→ Brief: Scan the data below and state the number of lines that include the word "forall", adding no comment.

Stored dataset items:
==*==

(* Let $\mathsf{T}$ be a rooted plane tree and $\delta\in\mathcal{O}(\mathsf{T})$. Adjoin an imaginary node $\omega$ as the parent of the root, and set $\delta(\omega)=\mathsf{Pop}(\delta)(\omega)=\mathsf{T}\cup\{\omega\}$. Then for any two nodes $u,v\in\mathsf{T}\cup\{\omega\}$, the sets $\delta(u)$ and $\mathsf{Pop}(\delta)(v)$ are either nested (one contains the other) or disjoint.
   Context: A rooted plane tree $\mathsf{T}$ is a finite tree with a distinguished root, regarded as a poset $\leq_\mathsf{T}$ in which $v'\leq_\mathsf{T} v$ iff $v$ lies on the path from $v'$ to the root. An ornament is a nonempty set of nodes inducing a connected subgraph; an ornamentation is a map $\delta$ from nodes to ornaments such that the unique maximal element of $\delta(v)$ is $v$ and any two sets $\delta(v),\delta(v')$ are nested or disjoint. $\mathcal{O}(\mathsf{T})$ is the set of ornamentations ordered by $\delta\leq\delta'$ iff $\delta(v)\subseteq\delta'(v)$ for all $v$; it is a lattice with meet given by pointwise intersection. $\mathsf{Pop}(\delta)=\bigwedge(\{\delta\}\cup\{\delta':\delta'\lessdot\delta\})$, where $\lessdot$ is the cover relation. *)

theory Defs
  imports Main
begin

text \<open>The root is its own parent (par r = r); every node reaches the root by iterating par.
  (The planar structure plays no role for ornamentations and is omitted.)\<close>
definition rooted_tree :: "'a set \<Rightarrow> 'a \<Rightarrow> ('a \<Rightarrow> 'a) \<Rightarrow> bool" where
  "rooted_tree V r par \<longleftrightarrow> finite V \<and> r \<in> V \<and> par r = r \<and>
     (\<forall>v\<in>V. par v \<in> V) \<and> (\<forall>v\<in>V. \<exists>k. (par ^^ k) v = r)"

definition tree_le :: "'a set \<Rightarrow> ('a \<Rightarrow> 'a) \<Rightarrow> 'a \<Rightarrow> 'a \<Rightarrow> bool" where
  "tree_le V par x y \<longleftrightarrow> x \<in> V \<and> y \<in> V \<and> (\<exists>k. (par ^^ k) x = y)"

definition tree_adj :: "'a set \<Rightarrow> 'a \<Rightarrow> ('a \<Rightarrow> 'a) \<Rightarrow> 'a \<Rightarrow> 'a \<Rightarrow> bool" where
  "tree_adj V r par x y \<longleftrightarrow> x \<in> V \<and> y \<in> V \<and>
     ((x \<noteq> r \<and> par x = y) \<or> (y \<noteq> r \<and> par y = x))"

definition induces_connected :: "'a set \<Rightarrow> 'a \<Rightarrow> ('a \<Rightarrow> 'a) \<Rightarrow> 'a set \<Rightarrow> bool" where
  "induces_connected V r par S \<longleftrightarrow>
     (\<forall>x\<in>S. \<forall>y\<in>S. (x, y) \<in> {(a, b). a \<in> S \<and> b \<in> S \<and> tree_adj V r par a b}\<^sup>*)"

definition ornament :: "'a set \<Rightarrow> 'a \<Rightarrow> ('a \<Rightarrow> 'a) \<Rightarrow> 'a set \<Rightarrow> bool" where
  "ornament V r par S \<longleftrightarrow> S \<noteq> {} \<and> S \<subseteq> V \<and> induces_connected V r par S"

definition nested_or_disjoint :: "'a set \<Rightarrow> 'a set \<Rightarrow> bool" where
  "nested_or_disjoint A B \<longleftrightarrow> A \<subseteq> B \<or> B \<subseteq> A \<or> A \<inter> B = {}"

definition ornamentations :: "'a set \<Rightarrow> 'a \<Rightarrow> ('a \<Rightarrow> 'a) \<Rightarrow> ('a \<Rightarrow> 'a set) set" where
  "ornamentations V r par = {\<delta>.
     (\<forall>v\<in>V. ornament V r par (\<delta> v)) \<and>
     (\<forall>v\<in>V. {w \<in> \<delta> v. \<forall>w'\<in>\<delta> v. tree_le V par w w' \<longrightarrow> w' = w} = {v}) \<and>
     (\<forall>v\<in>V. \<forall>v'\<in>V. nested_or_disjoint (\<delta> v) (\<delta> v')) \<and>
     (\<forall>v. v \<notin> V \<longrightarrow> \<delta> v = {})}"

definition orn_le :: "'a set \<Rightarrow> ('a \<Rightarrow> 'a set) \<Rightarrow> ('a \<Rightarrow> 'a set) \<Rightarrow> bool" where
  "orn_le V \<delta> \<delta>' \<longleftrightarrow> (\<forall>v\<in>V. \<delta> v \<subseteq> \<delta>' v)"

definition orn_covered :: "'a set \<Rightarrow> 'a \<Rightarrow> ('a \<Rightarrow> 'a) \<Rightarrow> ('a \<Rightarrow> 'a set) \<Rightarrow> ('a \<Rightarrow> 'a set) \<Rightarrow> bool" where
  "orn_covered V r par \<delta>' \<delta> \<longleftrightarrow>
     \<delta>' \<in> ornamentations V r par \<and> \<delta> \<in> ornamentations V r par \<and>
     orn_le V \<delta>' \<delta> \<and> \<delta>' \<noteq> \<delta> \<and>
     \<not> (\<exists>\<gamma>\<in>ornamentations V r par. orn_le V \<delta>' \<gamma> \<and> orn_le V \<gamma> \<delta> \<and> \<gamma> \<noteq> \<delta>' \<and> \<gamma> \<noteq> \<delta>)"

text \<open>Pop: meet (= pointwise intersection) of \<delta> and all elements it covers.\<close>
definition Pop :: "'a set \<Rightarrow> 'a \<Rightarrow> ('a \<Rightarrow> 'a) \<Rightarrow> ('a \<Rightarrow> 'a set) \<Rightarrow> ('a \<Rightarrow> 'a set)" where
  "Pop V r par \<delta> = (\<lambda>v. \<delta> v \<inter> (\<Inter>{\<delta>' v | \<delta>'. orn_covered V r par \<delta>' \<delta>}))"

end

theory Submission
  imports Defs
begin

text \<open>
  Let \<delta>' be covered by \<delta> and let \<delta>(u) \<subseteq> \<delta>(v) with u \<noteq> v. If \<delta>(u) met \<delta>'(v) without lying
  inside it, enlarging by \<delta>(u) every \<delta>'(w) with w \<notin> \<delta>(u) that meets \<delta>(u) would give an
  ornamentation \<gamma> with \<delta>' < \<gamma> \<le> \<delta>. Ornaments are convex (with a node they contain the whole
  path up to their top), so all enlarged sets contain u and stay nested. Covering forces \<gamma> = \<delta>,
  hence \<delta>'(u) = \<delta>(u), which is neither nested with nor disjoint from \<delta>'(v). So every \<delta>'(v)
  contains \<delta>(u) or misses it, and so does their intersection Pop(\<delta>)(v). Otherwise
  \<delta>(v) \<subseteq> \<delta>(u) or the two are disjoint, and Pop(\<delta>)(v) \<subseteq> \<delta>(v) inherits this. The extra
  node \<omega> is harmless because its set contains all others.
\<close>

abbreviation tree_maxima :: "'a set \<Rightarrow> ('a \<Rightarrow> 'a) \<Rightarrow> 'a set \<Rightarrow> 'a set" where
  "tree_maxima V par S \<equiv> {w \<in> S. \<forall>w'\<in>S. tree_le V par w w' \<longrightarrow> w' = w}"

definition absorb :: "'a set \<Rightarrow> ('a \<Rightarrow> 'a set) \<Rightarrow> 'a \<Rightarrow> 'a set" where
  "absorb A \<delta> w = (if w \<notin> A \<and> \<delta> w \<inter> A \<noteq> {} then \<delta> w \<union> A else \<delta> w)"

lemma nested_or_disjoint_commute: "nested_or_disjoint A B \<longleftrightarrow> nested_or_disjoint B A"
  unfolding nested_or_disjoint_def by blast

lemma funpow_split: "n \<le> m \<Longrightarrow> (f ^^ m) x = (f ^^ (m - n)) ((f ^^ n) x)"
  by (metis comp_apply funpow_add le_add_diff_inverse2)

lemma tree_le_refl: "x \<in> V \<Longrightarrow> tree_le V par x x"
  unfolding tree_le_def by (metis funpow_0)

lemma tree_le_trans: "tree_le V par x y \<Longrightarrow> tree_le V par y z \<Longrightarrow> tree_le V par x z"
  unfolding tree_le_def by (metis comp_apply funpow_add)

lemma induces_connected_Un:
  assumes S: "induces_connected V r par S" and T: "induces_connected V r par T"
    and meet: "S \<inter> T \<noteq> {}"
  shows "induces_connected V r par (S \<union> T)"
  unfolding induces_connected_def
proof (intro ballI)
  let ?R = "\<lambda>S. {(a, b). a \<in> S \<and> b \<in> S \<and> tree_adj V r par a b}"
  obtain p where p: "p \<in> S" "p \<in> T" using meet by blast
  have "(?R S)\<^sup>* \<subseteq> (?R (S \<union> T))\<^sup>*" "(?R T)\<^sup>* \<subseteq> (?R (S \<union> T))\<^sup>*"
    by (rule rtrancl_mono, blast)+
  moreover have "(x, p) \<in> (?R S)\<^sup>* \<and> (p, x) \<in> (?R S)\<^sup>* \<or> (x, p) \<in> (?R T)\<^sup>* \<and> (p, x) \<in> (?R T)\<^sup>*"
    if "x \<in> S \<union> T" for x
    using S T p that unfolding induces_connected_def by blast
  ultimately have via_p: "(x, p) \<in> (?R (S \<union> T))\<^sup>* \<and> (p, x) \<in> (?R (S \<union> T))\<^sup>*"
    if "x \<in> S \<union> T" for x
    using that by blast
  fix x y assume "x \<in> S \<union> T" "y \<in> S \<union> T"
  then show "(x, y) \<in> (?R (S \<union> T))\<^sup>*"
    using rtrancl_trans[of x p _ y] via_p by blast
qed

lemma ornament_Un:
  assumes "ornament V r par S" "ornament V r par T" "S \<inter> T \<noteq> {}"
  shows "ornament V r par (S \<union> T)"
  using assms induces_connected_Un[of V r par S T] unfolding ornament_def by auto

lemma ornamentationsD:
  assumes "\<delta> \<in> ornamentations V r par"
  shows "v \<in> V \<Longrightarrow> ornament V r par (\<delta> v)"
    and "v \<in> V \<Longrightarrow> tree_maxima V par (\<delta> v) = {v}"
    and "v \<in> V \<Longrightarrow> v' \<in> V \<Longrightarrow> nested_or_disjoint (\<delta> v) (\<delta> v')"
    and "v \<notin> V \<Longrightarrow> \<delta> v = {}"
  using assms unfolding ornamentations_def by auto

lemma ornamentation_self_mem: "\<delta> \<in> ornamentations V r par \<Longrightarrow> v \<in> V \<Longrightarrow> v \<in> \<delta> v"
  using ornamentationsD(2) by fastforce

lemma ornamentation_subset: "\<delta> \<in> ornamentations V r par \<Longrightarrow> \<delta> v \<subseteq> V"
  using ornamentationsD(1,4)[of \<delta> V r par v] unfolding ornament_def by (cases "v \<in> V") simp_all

==*==

→ Response area: 8